Queralt decidió sobre la marcha que convendría poner cara de profunda sorpresa. Falsa, por supuesto. Daba por hecho que tarde o temprano Rolf tiraría por ahí. La noticia dada por Germán de Ory, en realidad, se había comportado como la espoleta que hace detonar el explosivo.

—¿Hablas en serio?

—Como jamás en mi vida. Solo falta que digas que sí, que vale, y me pongo en marcha.

Queralt no llegó a contestar, pues el embajador De Ory, dueño de una potente voz, tras reclamar silencio había empezado a cantar las tenues campanadas del reloj, marcando así el ritmo de ingestión de unas uvas alicantinas gordas, dulcísimas y por demás golosas. Al acabar, como era lo usual en ese tipo de ocasiones, todo el mundo empezó a besarse, unos con más pasión que otros aunque todos con buena cara. La de Queralt era de las mejores, si no la mejor. Igual que su sonrisa.

—Vale. Sí.

—Pues bueno. A partir de ahora, considérate mi señora.

Ella no le dejó decir más. Su boca se apoderaba de la otra, su cuerpo se ceñía con descaro al que veía de marido desde hacía mucho tiempo y su mente se alejaba de la embajada y de Istanbul, indiferente a que todo el mundo los miraba.

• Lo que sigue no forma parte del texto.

lemma sublin_space_measurable:
  assumes "sublin_space M P" "Q \<in> P" "f \<in> borel_measurable M"
  shows "f \<in> borel_measurable Q"
proof -
  have "sets Q = sets M" using assms(1,2) unfolding sublin_space_def by auto
  then have "borel_measurable Q = borel_measurable M" by (rule measurable_cong_sets) simp
  then show ?thesis using assms(3) by blast
qed

lemma sup_exp_cong_AE:
  assumes "sublin_space M P" "f \<in> borel_measurable M" "g \<in> borel_measurable M"
    and "\<And>Q. Q \<in> P \<Longrightarrow> AE w in Q. f w = g w"
  shows "sup_exp P f = sup_exp P g"
  unfolding sup_exp_def using assms sublin_space_measurable
  by (intro SUP_cong refl integral_cong_AE) auto

lemma abs_sup_exp_diff_le:
  fixes f g :: "'w \<Rightarrow> real"
  assumes P: "sublin_space M P" and meas: "f \<in> borel_measurable M" "g \<in> borel_measurable M"
    and bounds: "\<And>w. \<bar>f w\<bar> \<le> B" "\<And>w. \<bar>g w\<bar> \<le> B"
    and d: "\<And>Q. Q \<in> P \<Longrightarrow> \<bar>integral\<^sup>L Q f - integral\<^sup>L Q g\<bar> \<le> d"
  shows "\<bar>sup_exp P f - sup_exp P g\<bar> \<le> d"
  unfolding sup_exp_def
proof (rule abs_SUP_diff_le[where B = B])
  show "P \<noteq> {}" using P by (simp add: sublin_space_def)
  fix Q assume Q: "Q \<in> P"
  interpret prob_space Q using sublin_space_prob_space[OF P Q] .
  show "\<bar>integral\<^sup>L Q f\<bar> \<le> B" "\<bar>integral\<^sup>L Q g\<bar> \<le> B"
    using bounds by (auto intro!: abs_integral_le_const)
  show "\<bar>integral\<^sup>L Q f - integral\<^sup>L Q g\<bar> \<le> d" by (rule d[OF Q])
qed

text \<open>The supremum of a set of reals that is not bounded above is an unspecified value;
  the shift identity excludes this case.\<close>
lemma integral_le_sup_exp_if_shift:
  assumes P: "sublin_space M P" and Q: "Q \<in> P"
    and int: "\<And>Q. Q \<in> P \<Longrightarrow> integrable Q f"
    and shift: "sup_exp P (\<lambda>w. f w + 1) = sup_exp P f + 1"
  shows "integral\<^sup>L Q f \<le> sup_exp P f"
proof -
  have integral_shift: "integral\<^sup>L Q (\<lambda>w. f w + 1) = integral\<^sup>L Q f + 1" if "Q \<in> P" for Q
  proof -
    interpret prob_space Q using sublin_space_prob_space[OF P that] .
    show ?thesis using int[OF that] by (simp add: prob_space)
  qed
  have "bdd_above ((\<lambda>Q. integral\<^sup>L Q f) ` P)"
  proof (rule ccontr)
    assume unbounded: "\<not> bdd_above ((\<lambda>Q. integral\<^sup>L Q f) ` P)"
    have "\<not> bdd_above ((\<lambda>Q. integral\<^sup>L Q (\<lambda>w. f w + 1)) ` P)"
    proof
      assume "bdd_above ((\<lambda>Q. integral\<^sup>L Q (\<lambda>w. f w + 1)) ` P)"
      then obtain K where "\<And>Q. Q \<in> P \<Longrightarrow> integral\<^sup>L Q f + 1 \<le> K"
        by (auto simp: bdd_above_def integral_shift)
      then have "bdd_above ((\<lambda>Q. integral\<^sup>L Q f) ` P)"
        by (intro bdd_aboveI[where M = "K - 1"]) force
      with unbounded show False ..
    qed
    then have "sup_exp P (\<lambda>w. f w + 1) = sup_exp P f"
      unfolding sup_exp_def using unbounded by (rule Sup_eq_if_not_bdd_above)
    then show False using shift by simp
  qed
  then show ?thesis unfolding sup_exp_def by (rule cSUP_upper[OF Q])
qed

lemma maximal_distr_sup_exp:
  "maximal_distr P V a b \<Longrightarrow> C_bLip \<psi> \<Longrightarrow> sup_exp P (\<lambda>w. \<psi> (V w)) = (SUP v\<in>{a..b}. \<psi> v)"
  unfolding maximal_distr_def by (blast dest: C_bLip_imp_C_lLip)

lemma std_normal_distr_sup_exp:
  "std_normal_distr P e \<Longrightarrow> C_bLip \<psi> \<Longrightarrow> sup_exp P (\<lambda>w. \<psi> (e w)) = integral\<^sup>L std_normal \<psi>"
  unfolding std_normal_distr_def
  by (simp add: C_bLip_imp_C_lLip integral_std_normal C_bLip_borel_measurable)

lemma seq_indep_maximal_sup_exp:
  assumes "seq_indep P X V" "maximal_distr P V a b" "C_bLip f"
  shows "sup_exp P (\<lambda>w. f (X w, V w)) = sup_exp P (\<lambda>w. SUP v\<in>{a..b}. f (X w, v))"
  using assms maximal_distr_sup_exp[OF assms(2) C_bLip_Pair_right[OF assms(3)]]
  unfolding seq_indep_def by simp

lemma seq_indep_std_normal_sup_exp:
  assumes "seq_indep P X e" "std_normal_distr P e" "C_bLip f"
  shows "sup_exp P (\<lambda>w. f (X w, e w)) = sup_exp P (\<lambda>w. \<integral>u. f (X w, u) \<partial>std_normal)"
  using assms std_normal_distr_sup_exp[OF assms(2) C_bLip_Pair_right[OF assms(3)]]
  unfolding seq_indep_def by simp

lemma maximal_distr_AE_in_interval:
  assumes P: "sublin_space M P" and V: "maximal_distr P V a b" and "a \<le> b" and Q: "Q \<in> P"
  shows "AE w in Q. V w \<in> {a..b}"
proof -
  define \<psi> where "\<psi> v = max 0 (a - v) + max 0 (v - b)" for v :: real
  have lLip: "C_lLip \<psi>"
  proof -
    have "\<bar>\<psi> x - \<psi> y\<bar> \<le> 1 * (1 + norm x ^ 0 + norm y ^ 0) * norm (x - y)" for x y
      by (simp add: \<psi>_def max_def abs_if)
    then show ?thesis unfolding C_lLip_def by blast
  qed
  have SUP_shift: "(SUP v\<in>{a..b}. \<psi> v + c) = c" for c
  proof -
    have "(SUP v\<in>{a..b}. \<psi> v + c) = (SUP v\<in>{a..b}. c)" by (rule SUP_cong) (auto simp: \<psi>_def)
    then show ?thesis using \<open>a \<le> b\<close> by simp
  qed
  have int: "\<And>Q. Q \<in> P \<Longrightarrow> integrable Q (\<lambda>w. \<psi> (V w))"
    and "sup_exp P (\<lambda>w. \<psi> (V w) + 0) = (SUP v\<in>{a..b}. \<psi> v + 0)"
    using V lLip unfolding maximal_distr_def by auto
  then have sup0: "sup_exp P (\<lambda>w. \<psi> (V w)) = 0" using SUP_shift[of 0] by simp
  have "sup_exp P (\<lambda>w. \<psi> (V w) + 1) = (SUP v\<in>{a..b}. \<psi> v + 1)"
    using V C_lLip_add_const[OF lLip] unfolding maximal_distr_def by blast
  then have "sup_exp P (\<lambda>w. \<psi> (V w) + 1) = 1" using SUP_shift[of 1] by simp
  then have "integral\<^sup>L Q (\<lambda>w. \<psi> (V w)) \<le> 0"
    using integral_le_sup_exp_if_shift[OF P Q int] sup0 by simp
  moreover have nonneg: "0 \<le> \<psi> v" for v by (simp add: \<psi>_def)
  ultimately have "integral\<^sup>L Q (\<lambda>w. \<psi> (V w)) = 0"
    by (simp add: order_antisym)
  then have "AE w in Q. \<psi> (V w) = 0"
    using integral_nonneg_eq_0_iff_AE[OF int[OF Q]] nonneg by simp
  then show ?thesis
    by (rule eventually_mono) (auto simp: \<psi>_def max_def split: if_splits)
qed

lemma std_normal_distr_second_moment:
  assumes P: "sublin_space M P" and e: "std_normal_distr P e" and Q: "Q \<in> P"
  shows "integrable Q (\<lambda>w. (e w)\<^sup>2)" "integral\<^sup>L Q (\<lambda>w. (e w)\<^sup>2) \<le> 1"
proof -
  interpret N: prob_space std_normal by (rule prob_space_std_normal)
  have int: "\<And>Q. Q \<in> P \<Longrightarrow> integrable Q (\<lambda>w. (e w)\<^sup>2)"
    and "sup_exp P (\<lambda>w. (e w)\<^sup>2) = (\<integral>z. std_normal_density z * z\<^sup>2 \<partial>lborel)"
    using e C_lLip_square unfolding std_normal_distr_def by auto
  then have sup1: "sup_exp P (\<lambda>w. (e w)\<^sup>2) = 1"
    by (simp add: integral_std_normal[symmetric] integral_std_normal_square)
  have "sup_exp P (\<lambda>w. (e w)\<^sup>2 + 1) = (\<integral>z. std_normal_density z * (z\<^sup>2 + 1) \<partial>lborel)"
    using e C_lLip_add_const[OF C_lLip_square] unfolding std_normal_distr_def by blast
  also have "\<dots> = integral\<^sup>L std_normal (\<lambda>z. z\<^sup>2) + 1"
    using N.prob_space
    by (simp add: integral_std_normal[symmetric] integrable_std_normal_square)
  finally have "sup_exp P (\<lambda>w. (e w)\<^sup>2 + 1) = sup_exp P (\<lambda>w. (e w)\<^sup>2) + 1"
    by (simp add: sup1 integral_std_normal_square)
  then show "integral\<^sup>L Q (\<lambda>w. (e w)\<^sup>2) \<le> 1"
    using integral_le_sup_exp_if_shift[OF P Q int] sup1 by simp
  show "integrable Q (\<lambda>w. (e w)\<^sup>2)" by (rule int[OF Q])
qed

lemma abs_sup_exp_clamp_diff_le:
  fixes \<phi> :: "real \<Rightarrow> real"
  assumes P: "sublin_space M P" and e: "std_normal_distr P e"
    and \<phi>: "L-lipschitz_on UNIV \<phi>" "\<And>x. \<bar>\<phi> x\<bar> \<le> B"
    and meas [measurable]: "f \<in> borel_measurable M" "c \<in> borel_measurable M" "e \<in> borel_measurable M"
    and c: "\<And>w. \<bar>c w\<bar> \<le> C" and n: "0 < n"
  shows "\<bar>sup_exp P (\<lambda>w. \<phi> (f w + c w * clamp (-n) n (e w))) - sup_exp P (\<lambda>w. \<phi> (f w + c w * e w))\<bar>
    \<le> L * C / n"
proof (rule abs_sup_exp_diff_le[OF P _ _ \<phi>(2) \<phi>(2)])
  have [measurable]: "\<phi> \<in> borel_measurable borel" by (rule lipschitz_on_borel_measurable[OF \<phi>(1)])
  show "(\<lambda>w. \<phi> (f w + c w * clamp (-n) n (e w))) \<in> borel_measurable M"
    "(\<lambda>w. \<phi> (f w + c w * e w)) \<in> borel_measurable M" by measurable
  fix Q assume Q: "Q \<in> P"
  interpret Q: prob_space Q by (rule sublin_space_prob_space[OF P Q])
  have "\<bar>(\<integral>w. \<phi> (f w + c w * clamp (-n) n (e w)) \<partial>Q) - (\<integral>w. \<phi> (f w + c w * e w) \<partial>Q)\<bar>
      \<le> L * C / n * (\<integral>w. (e w)\<^sup>2 \<partial>Q)"
    using meas[THEN sublin_space_measurable[OF P Q]] std_normal_distr_second_moment(1)[OF P e Q]
    by (intro Q.abs_integral_clamp_diff_le[OF \<phi> _ _ _ c _ n])
  also have "\<dots> \<le> L * C / n"
    using std_normal_distr_second_moment(2)[OF P e Q] lipschitz_on_nonneg[OF \<phi>(1)] n
      abs_ge_zero[of "c undefined"] c[of undefined]
    by (intro mult_left_le) auto
  finally show "\<bar>(\<integral>w. \<phi> (f w + c w * clamp (-n) n (e w)) \<partial>Q) - (\<integral>w. \<phi> (f w + c w * e w) \<partial>Q)\<bar>
      \<le> L * C / n" .
qed

lemma abs_sup_exp_clamp_sum_diff_le:
  fixes \<phi> :: "real \<Rightarrow> real"
  assumes P: "sublin_space M P" and e: "std_normal_distr P e" and eb: "std_normal_distr P eb"
    and L: "L-lipschitz_on UNIV \<phi>" and B: "\<And>x. \<bar>\<phi> x\<bar> \<le> B"
    and [measurable]: "X \<in> borel_measurable M" "Y \<in> borel_measurable M"
      "e \<in> borel_measurable M" "eb \<in> borel_measurable M"
    and XY: "\<And>w. \<bar>X w\<bar> \<le> C" "\<And>w. \<bar>Y w\<bar> \<le> C" and n: "0 < n"
  shows "\<bar>sup_exp P (\<lambda>w. \<phi> (X w * clamp (-n) n (e w) + Y w * clamp (-n) n (eb w)))
    - sup_exp P (\<lambda>w. \<phi> (X w * e w + Y w * eb w))\<bar> \<le> 2 * L * C / n"
proof -
  have "\<bar>sup_exp P (\<lambda>w. \<phi> (X w * clamp (-n) n (e w) + Y w * clamp (-n) n (eb w)))
      - sup_exp P (\<lambda>w. \<phi> (X w * e w + Y w * clamp (-n) n (eb w)))\<bar> \<le> L * C / n"
    using abs_sup_exp_clamp_diff_le[OF P e L B, where f = "\<lambda>w. Y w * clamp (-n) n (eb w)"
        and c = X and C = C and n = n] XY n
    by (simp add: add.commute)
  moreover have "\<bar>sup_exp P (\<lambda>w. \<phi> (X w * e w + Y w * clamp (-n) n (eb w)))
      - sup_exp P (\<lambda>w. \<phi> (X w * e w + Y w * eb w))\<bar> \<le> L * C / n"
    by (rule abs_sup_exp_clamp_diff_le[OF P eb L B, where c = Y]) (simp_all add: XY n)
  ultimately have "\<bar>sup_exp P (\<lambda>w. \<phi> (X w * clamp (-n) n (e w) + Y w * clamp (-n) n (eb w)))
      - sup_exp P (\<lambda>w. \<phi> (X w * e w + Y w * eb w))\<bar> \<le> L * C / n + L * C / n"
    by (simp only: abs_le_iff) linarith
  then show ?thesis by (simp add: field_simps)
qed

section \<open>Semi-G-normal distributions\<close>

lemma sup_exp_clamped_semi_G_normal:
  fixes \<phi> :: "real \<Rightarrow> real"
  assumes ab: "0 \<le> a" "a \<le> b" and n: "0 \<le> n" and \<phi>: "C_bLip \<phi>"
    and V: "maximal_distr P V a b" and e: "std_normal_distr P e" and Ve: "seq_indep P V e"
  shows "sup_exp P (\<lambda>w. \<phi> (clamp a b (V w) * clamp (-n) n (e w)))
    = (SUP x\<in>{a..b}. \<integral>z. \<phi> (x * clamp (-n) n z) \<partial>std_normal)"
proof -
  define \<Phi> where "\<Phi> p = \<phi> (clamp a b (fst p) * clamp (-n) n (snd p))" for p :: "real \<times> real"
  have "\<exists>K. K-lipschitz_on UNIV (\<lambda>p::real \<times> real. clamp a b (fst p) * clamp (-n) n (snd p))"
    by (rule exI, (rule lipschitz_on_mult_bounded lipschitz_on_clamp_comp lipschitz_on_fst_comp
          lipschitz_on_snd_comp lipschitz_on_id abs_clamp_le[OF ab] abs_clamp_sym_le[OF n])+)
  then have \<Phi>: "C_bLip \<Phi>" unfolding \<Phi>_def using C_bLip_compose[OF \<phi>] by blast
  have "sup_exp P (\<lambda>w. \<Phi> (V w, e w)) = sup_exp P (\<lambda>w. \<integral>z. \<Phi> (V w, z) \<partial>std_normal)"
    by (rule seq_indep_std_normal_sup_exp[OF Ve e \<Phi>])
  also have "\<dots> = (SUP x\<in>{a..b}. \<integral>z. \<Phi> (x, z) \<partial>std_normal)"
    by (rule maximal_distr_sup_exp[OF V C_bLip_integral[OF prob_space_std_normal sets_std_normal \<Phi>]])
  also have "\<dots> = (SUP x\<in>{a..b}. \<integral>z. \<phi> (x * clamp (-n) n z) \<partial>std_normal)"
    unfolding \<Phi>_def by (intro SUP_cong) (auto simp: clamp_eq_self)
  finally show ?thesis unfolding \<Phi>_def by simp
qed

Unos más asombrados que otros y unas más escandalizadas que otras —la embajada era suelo español, y en este determinadas expresiones de afecto entre novios, atentatorias contra la moral y las buenas costumbres, se consideraban no ya impropias, sino reprobables—, aunque casi todos sonreían, y es que, si hay algo que consiga elevar el ánimo de los bien nacidos, es constatar que, incluso en medio de una guerra horrorosa, los jóvenes aún son capaces de amarse. Lo que resultaba llamativo era que la hermana de la muy apasionada señorita no sonreía. Los que observaban el fenómeno quizá se dijeran que desaprobaba la conducta de la que olvidaba las obligaciones inherentes a su clase social; sería lógico, porque no podían saber que doña Meritxell de Moreno sentía una profunda envidia por su hermana Queralt.